> WHAT THE TASK REQUIRES:
Leave out every line before the one containing "by (simp add: has_field_derivative_def", and repeat the rest of the material below exactly, that line included.

> INPUT DATA:
text \<open>The signed square root is a continuous section of the lift through any Y, which gives
  local \<Rightarrow> local.  The tangent cone of the column-stochastic matrices at X lies in the cone of
  matrices with zero column sums that are nonnegative where X vanishes, so a gradient G lies in
  its dual as soon as, in every column i, G is constant (say \<mu>_i) on the support of X and at
  least \<mu>_i off it.

  Write products of vectors entrywise.  Rotating the i-th column y_i of Y towards a unit vector
  u orthogonal to y_i gives a curve on the product of spheres whose lift has velocity 2 y_i u in
  column i.  First-order criticality therefore makes G_i y_i (G_i the i-th column of G)
  orthogonal to every such u, hence parallel to y_i, i.e. G_ji = \<mu>_i = <G_i, y_i y_i> wherever
  y_ij \<noteq> 0.  If y_ij = 0, rotating towards e_j moves the lift along phi(Y) + sin^2 t (e_j - y_i y_i)
  in column i, and second-order criticality gives G_ji \<ge> \<mu>_i.  Conversely, when y_ij = 0 the
  linear cost -X_ji is 1-critical (its pullback -y_ij^2 has a double zero) but decreases along
  the feasible direction e_j - e_k in column i, where y_ik \<noteq> 0.\<close>

lemma linear_functional_eq_inner:
  fixes L :: "'a::euclidean_space \<Rightarrow> real"
  assumes "linear L"
  shows "L = inner (adjoint L 1)"
  using adjoint_works[OF assms, of _ 1] by (simp add: fun_eq_iff inner_commute)

lemma deriv_compose_has_vector_derivative:
  fixes f :: "'a::real_inner \<Rightarrow> real"
  assumes "(f has_derivative inner G) (at (\<gamma> t))" and "(\<gamma> has_vector_derivative v) (at t)"
  shows "deriv (f \<circ> \<gamma>) t = inner G v"
proof -
  have "(f \<circ> \<gamma> has_derivative inner G \<circ> (\<lambda>h. h *\<^sub>R v)) (at t)"
    using assms(2,1) unfolding has_vector_derivative_def by (rule diff_chain_at)
  moreover have "inner G \<circ> (\<lambda>h. h *\<^sub>R v) = (*) (inner G v)"
    by (simp add: fun_eq_iff)
  ultimately show ?thesis
    by (simp add: has_field_derivative_def DERIV_imp_deriv)
qed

> FINISHED EXERCISE:
    by (simp add: has_field_derivative_def DERIV_imp_deriv)
qed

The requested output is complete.